Full Line Code Completion: Bringing AI to Desktop

Read original: arXiv:2405.08704 - Published 5/15/2024 by Anton Semenkin, Vitaliy Bibaev, Yaroslav Sokolov, Kirill Krylov, Alexey Kalina, Anna Khannanova, Danila Savenkov, Darya Rovdo, Igor Davidenko, Kirill Karnaukhov and 7 others

🤖

Overview

The paper describes an approach for building a multi-token code completion feature for the JetBrains' IntelliJ Platform, called Full Line Code Completion.
The feature suggests only syntactically correct code and works fully locally, with data querying and suggestion generation happening on the end user's machine.
The authors share important time and memory-consumption restrictions, as well as design principles for a code completion engine.
The solution was initially developed with the help of researchers and was bundled into two JetBrains' IDEs - PyCharm Pro and DataSpell - at the end of 2023.

Plain English Explanation

The paper discusses a new feature for code editors that can automatically complete entire lines of code, rather than just individual words or phrases. This "Full Line Code Completion" feature is designed to work entirely on the user's own computer, without needing to send data to a remote server. This is different from some other industrial solutions for code completion, which rely on cloud-based computing power.

The key goal of this feature is to provide a fast, efficient, and secure code completion experience for developers. The authors share some important constraints they had to work within, such as limits on the time and memory the feature can use.
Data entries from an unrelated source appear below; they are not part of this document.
lemma wl_equiv_separator:
  assumes wf: "wf_graph G" "wf_graph H" and k: "k \<ge> 2"
    and s: "tuple_in G k s" and t: "tuple_in H k t" and R: "wl_equiv G H k s t"
    and sep: "separator G {s!1}"
  shows "separator H {t!1}"
proof -
  have fin: "finite (verts G)" "finite (verts H)" using wf unfolding wf_graph_def by blast+
  have len: "length s = k" "length t = k" using s t unfolding tuple_in_def by blast+
  have idx: "0 < k" "1 < k" using k by simp_all
  obtain x y where x: "x \<in> verts G" "x \<noteq> s!1" and y: "y \<in> verts G" "y \<noteq> s!1"
    and xy: "\<not> reach_in G (verts G - {s!1}) x y"
    using sep unfolding separator_def by blast
  obtain g where g: "bij_betw g (verts G) (verts H)"
    "\<forall>z\<in>verts G. \<forall>i<k. wl_equiv G H k (s[i := z]) (t[i := g z])"
    using wl_equiv_bij[OF R fin] by blast
  let ?s = "s[0 := x]" and ?t = "t[0 := g x]"
  have Rx: "wl_equiv G H k ?s ?t" using g(2) x k by auto
  have gx: "g x \<in> verts H" "g x \<noteq> t!1"
    using bij_betw_apply[OF g(1) x(1)] wl_equiv_upd_eq_iff[OF Rx, of 1] x len k by auto
  have sx: "tuple_in G k ?s" and tx: "tuple_in H k ?t"
    using tuple_in_update[OF s x(1)] tuple_in_update[OF t gx(1)] by blast+
  obtain f where f: "bij_betw f (verts G) (verts H)"
    "\<forall>z\<in>verts G. \<forall>i<k. wl_equiv G H k (?s[i := z]) (?t[i := f z])"
    using wl_equiv_bij[OF Rx fin] by blast
  have R1: "wl_equiv G H k (?s[1 := y]) (?t[1 := f y])"
    and R0: "wl_equiv G H k (?s[0 := y]) (?t[0 := f y])"
    using f(2) y(1) idx by blast+
  have fy: "f y \<in> verts H" "f y \<noteq> t!1"
    using bij_betw_apply[OF f(1) y(1)] wl_equiv_upd_eq_iff[of G H k s 0 y t "f y" 1] R0 y len k
    by auto
  have "\<not> reach_in H (verts H - {t!1}) (g x) (f y)"
    using wl_equiv_reach_in_delete[OF wf k sx tx Rx R1 R0] xy len k by simp
  moreover have "t!1 \<in> verts H" using tuple_in_nth[OF t, of 1] k by simp
  ultimately show ?thesis unfolding separator_def using gx fy by blast
qed

lemma wl_equiv_reachable_cut_vertex:
  assumes wf: "wf_graph G" "wf_graph H" and k: "k \<ge> 2"
    and s: "tuple_in G k s" and t: "tuple_in H k t" and R: "wl_equiv G H k s t"
    and reach: "reach_in G (verts G - {s!1}) (s!0) d" and sep: "separator G {d}"
  shows "\<exists>d'. reach_in H (verts H - {t!1}) (t!0) d' \<and> separator H {d'}"
proof -
  have fin: "finite (verts G)" "finite (verts H)" using wf unfolding wf_graph_def by blast+
  have dV: "d \<in> verts G" using reach_in_mem[OF reach] by blast
  obtain f where f: "bij_betw f (verts G) (verts H)"
    "\<forall>z\<in>verts G. \<forall>i<k. wl_equiv G H k (s[i := z]) (t[i := f z])"
    using wl_equiv_bij[OF R fin] by blast
  have "0 < k" "1 < k" using k by simp_all
  then have R1: "wl_equiv G H k (s[1 := d]) (t[1 := f d])"
    and R0: "wl_equiv G H k (s[0 := d]) (t[0 := f d])"
    using f(2) dV by blast+
  have "reach_in H (verts H - {t!1}) (t!0) (f d)"
    using wl_equiv_reach_in_delete[OF wf k s t R R1 R0] reach by blast
  moreover have "separator H {t[1 := f d] ! 1}"
    using wl_equiv_separator[OF wf k tuple_in_update[OF s dV]
        tuple_in_update[OF t bij_betw_apply[OF f(1) dV]] R1] sep s k
    unfolding tuple_in_def by simp
  ultimately show ?thesis using t k unfolding tuple_in_def by auto
qed

lemma separator_nonempty: "connected G \<Longrightarrow> separator G S \<Longrightarrow> S \<noteq> {}"
  unfolding connected_def connected_set_def separator_def by auto

lemma min_separator_singleton:
  assumes wf: "wf_graph G" and con: "connected G" and sep: "separator G {d}"
  shows "min_separator G {d}"
proof -
  have "card {d} \<le> card S" if S: "separator G S" for S
  proof -
    have "finite S"
      using S wf unfolding separator_def wf_graph_def by (blast intro: finite_subset)
    then show ?thesis
      using separator_nonempty[OF con S] by (simp add: Suc_leI card_gt_0_iff)
  qed
  then show ?thesis using sep unfolding min_separator_def by blast
qed

lemma min_separator_is_singleton:
  assumes wf: "wf_graph G" and con: "connected G" and ms: "min_separator G S"
    and sep: "separator G {d}"
  shows "\<exists>c. S = {c}"
proof -
  have "card S \<le> 1" using ms sep unfolding min_separator_def by force
  moreover have "S \<noteq> {}" using separator_nonempty[OF con] ms unfolding min_separator_def by blast
  moreover have "finite S"
    using ms wf unfolding min_separator_def separator_def wf_graph_def by (blast intro: finite_subset)
  ultimately show ?thesis by (metis card_0_eq card_1_singletonE le_antisym less_one not_le_imp_less)
qed

lemma not_two_connected_cut_vertex:
  assumes wf: "wf_graph G" and con: "connected G" and n2: "\<not> two_connected G"
    and sep: "separator G S"
  shows "\<exists>u. separator G {u}"
proof -
  obtain x y where xy: "x \<in> verts G - S" "y \<in> verts G - S" "\<not> reach_in G (verts G - S) x y"
    using sep unfolding separator_def by blast
  then have "x \<noteq> y" using reach_in_refl by metis
  obtain z where "z \<in> S" using separator_nonempty[OF con sep] by blast
  then have "card {x, y, z} = 3" using xy \<open>x \<noteq> y\<close> by (auto simp: card_insert_if)
  moreover have "card {x, y, z} \<le> card (verts G)"
    using wf sep xy \<open>z \<in> S\<close> unfolding wf_graph_def separator_def by (intro card_mono) auto
  ultimately have "card (verts G) > 2" by linarith
  then obtain u where u: "u \<in> verts G" "\<not> connected_set G (verts G - {u})"
    using n2 unfolding two_connected_def by blast
  moreover have "verts G - {u} \<noteq> {}" using xy \<open>x \<noteq> y\<close> by blast
  ultimately obtain a b where "a \<in> verts G - {u}" "b \<in> verts G - {u}"
    "\<not> reach_in G (verts G - {u}) a b"
    unfolding connected_set_def by blast
  then show ?thesis using u(1) unfolding separator_def by blast
qed

lemma component_of_eq_reach_in:
  assumes wf: "wf_graph G" and K: "component_of G S K" and w: "w \<in> K"
  shows "K = {y. reach_in G (verts G - S) w y}"
proof -
  obtain x where x: "K = {y. reach_in G (verts G - S) x y}"
    using K unfolding component_of_def by blast
  then have xw: "reach_in G (verts G - S) x w" using w by blast
  show ?thesis
  proof (intro set_eqI iffI; simp)
    fix y
    show "y \<in> K \<Longrightarrow> reach_in G (verts G - S) w y"
      using reach_in_trans[OF reach_in_sym[OF wf xw]] x by blast
    show "reach_in G (verts G - S) w y \<Longrightarrow> y \<in> K"
      using reach_in_trans[OF xw] x by blast
  qed
qed

lemma reach_in_delete_or_adj:
  assumes r: "reach_in G X x z" and x: "x \<in> X - {d}"
  shows "reach_in G (X - {d}) x z \<or> (\<exists>u. reach_in G (X - {d}) x u \<and> adj G u d)"
proof -
  have "(\<lambda>a b. a \<in> X \<and> b \<in> X \<and> adj G a b)\<^sup>*\<^sup>* x z" using r unfolding reach_in_def by blast
  then show ?thesis
  proof (induction rule: rtranclp_induct)
    case base
    then show ?case using x reach_in_refl by metis
  next
    case (step y z)
    show ?case
    proof (cases "reach_in G (X - {d}) x y \<and> z \<noteq> d")
      case True
      then show ?thesis using reach_in_step[of G "X - {d}" x y z] step(2) by blast
    next
      case False
      then show ?thesis using step.IH step.hyps(2) by blast
    qed
  qed
qed

text \<open>If d \<in> K were a cut vertex, the component of G - d avoiding c would lie strictly
  inside K, contradicting minimality of ({c}, K).\<close>
lemma P0sep_component_no_cut_vertex:
  assumes wf: "wf_graph G" and con: "connected G"
    and P0: "({c}, K) \<in> P0sep G" and dK: "d \<in> K"
  shows "\<not> separator G {d}"
proof
  assume sepd: "separator G {d}"
  let ?V = "verts G"
  have cmin: "min_separator G {c}" and "component_of G {c} K"
    using P0 unfolding P0sep_def Psep_def by blast+
  then obtain w where w: "w \<in> ?V - {c}" and Kw: "K = {y. reach_in G (?V - {c}) w y}"
    unfolding component_of_def by blast
  have wd: "reach_in G (?V - {c}) w d" using dK Kw by blast
  have cV: "c \<in> ?V" using cmin unfolding min_separator_def separator_def by blast
  have dV: "d \<in> ?V" and dc: "d \<noteq> c" using reach_in_mem[OF wd] by blast+
  obtain x y where xy: "x \<in> ?V - {d}" "y \<in> ?V - {d}" "\<not> reach_in G (?V - {d}) x y"
    using sepd unfolding separator_def by blast
  obtain x0 where x0: "x0 \<in> ?V - {d}" "\<not> reach_in G (?V - {d}) x0 c"
  proof (cases "reach_in G (?V - {d}) x c")
    case True
    have "\<not> reach_in G (?V - {d}) y c"
    proof
      assume "reach_in G (?V - {d}) y c"
      then have "reach_in G (?V - {d}) x y" using reach_in_trans[OF True reach_in_sym[OF wf]] by blast
      then show False using xy(3) by blast
    qed
    then show ?thesis using that xy(2) by blast
  qed (use that xy(1) in blast)
  define L where "L = {z. reach_in G (?V - {d}) x0 z}"
  have "reach_in G ?V x0 d" using con x0(1) dV unfolding connected_def connected_set_def by blast
  moreover have "\<not> reach_in G (?V - {d}) x0 d" using reach_in_mem by fastforce
  ultimately obtain u where u: "reach_in G (?V - {d}) x0 u" "adj G u d"
    using reach_in_delete_or_adj[OF _ x0(1)] by blast
  have uc: "u \<noteq> c" using u(1) x0(2) by blast
  have "adj G d u" "u \<in> ?V" using u(2) wf unfolding wf_graph_def by blast+
  then have wu: "reach_in G (?V - {c}) w u" using reach_in_step[OF wd] uc by blast
  have ux0: "reach_in G (?V - {d}) u x0" by (rule reach_in_sym[OF wf u(1)])
  have "L \<subseteq> K"
  proof
    fix z assume "z \<in> L"
    then have uz: "reach_in G (?V - {d}) u z" unfolding L_def using reach_in_trans[OF ux0] by blast
    have "reach_in G (?V - {c}) u z"
    proof (rule reach_in_mono_on_component[OF uz])
      fix z' assume z': "reach_in G (?V - {d}) u z'"
      then have "reach_in G (?V - {d}) x0 z'" by (rule reach_in_trans[OF u(1)])
      then show "z' \<in> ?V - {c}" using reach_in_mem[OF z'] x0(2) by blast
    qed
    then show "z \<in> K" using Kw reach_in_trans[OF wu] by blast
  qed
  moreover have "d \<notin> L" unfolding L_def using reach_in_mem[of G "?V - {d}" x0 d] by blast
  ultimately have "L \<subset> K" using dK by blast
  moreover have "({d}, L) \<in> Psep G"
    unfolding Psep_def component_of_def L_def
    using min_separator_singleton[OF wf con sepd] x0(1) by blast
  ultimately show False using P0 unfolding P0sep_def by blast
qed

text \<open>If the component of v in G - c contained no cut vertex, it would be minimal in the
  order on P(G), contradicting v \<in> V(G_\<bottom>).\<close>
lemma verts_bot_reach_cut_vertex:
  assumes wf: "wf_graph G" and con: "connected G"
    and sepc: "separator G {c}" and v: "v \<in> verts G - {c}" and vb: "v \<in> verts_bot G"
  shows "\<exists>d. reach_in G (verts G - {c}) v d \<and> separator G {d}"
proof (rule ccontr)
  assume nd: "\<not> ?thesis"
  let ?V = "verts G"
  define K where "K = {y. reach_in G (?V - {c}) v y}"
  have "component_of G {c} K" unfolding component_of_def K_def using v by blast
  then have inP: "({c}, K) \<in> Psep G"
    unfolding Psep_def using min_separator_singleton[OF wf con sepc] by blast
  have "v \<in> K" unfolding K_def using v by (simp add: reach_in_refl)
  then have "({c}, K) \<notin> P0sep G" using vb unfolding verts_bot_def by blast
  then obtain S' K' where SK': "(S', K') \<in> Psep G" "K' \<subset> K"
    using inP unfolding P0sep_def by blast
  then have ms': "min_separator G S'" and compK': "component_of G S' K'"
    unfolding Psep_def by blast+
  obtain d where d: "S' = {d}" using min_separator_is_singleton[OF wf con ms' sepc] by blast
  have "separator G {d}" using ms' d unfolding min_separator_def by blast
  then have nvd: "\<not> reach_in G (?V - {c}) v d" using nd by blast
  have restr: "reach_in G (?V - {d}) v y" if "reach_in G (?V - {c}) v y" for y
  proof (rule reach_in_mono_on_component[OF that])
    fix z assume z: "reach_in G (?V - {c}) v z"
    then show "z \<in> ?V - {d}" using reach_in_mem[OF z] nvd by auto
  qed
  obtain x where x: "x \<in> ?V - {d}" and K': "K' = {y. reach_in G (?V - {d}) x y}"
    using compK' d unfolding component_of_def by blast
  then have "x \<in> K'" by (simp add: reach_in_refl)
  then have "reach_in G (?V - {c}) v x" using SK'(2) unfolding K_def by blast
  then have "reach_in G (?V - {d}) x v" using restr reach_in_sym[OF wf] by blast
  then have "K \<subseteq> K'"
    using K' restr reach_in_trans[of G "?V - {d}" x v] unfolding K_def by blast
  then show False using SK'(2) by blast
qed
They also describe the design principles they followed to create a code completion engine that meets these requirements.

One of the main benefits of this approach is that it can suggest only code that is syntactically correct, meaning it will fit properly within the user's program. This helps to streamline the coding process and reduce errors. The authors also describe techniques they used to meet their development goals, as well as ways they evaluated the performance of the system.

Overall, this work represents an effort to bridge the gap between academic research and real-world software development, by taking a complex, research-based solution and integrating it into widely-used commercial products.

Technical Explanation

The key innovation described in the paper is the development of a "Full Line Code Completion" feature for the JetBrains IntelliJ Platform. This feature is designed to suggest complete, syntactically correct code lines to users, rather than just individual words or phrases.

A major focus of the work was ensuring that this code completion functionality could run entirely on the user's local machine, without requiring any data to be sent to a remote server. This presented some significant technical challenges in terms of time and memory constraints.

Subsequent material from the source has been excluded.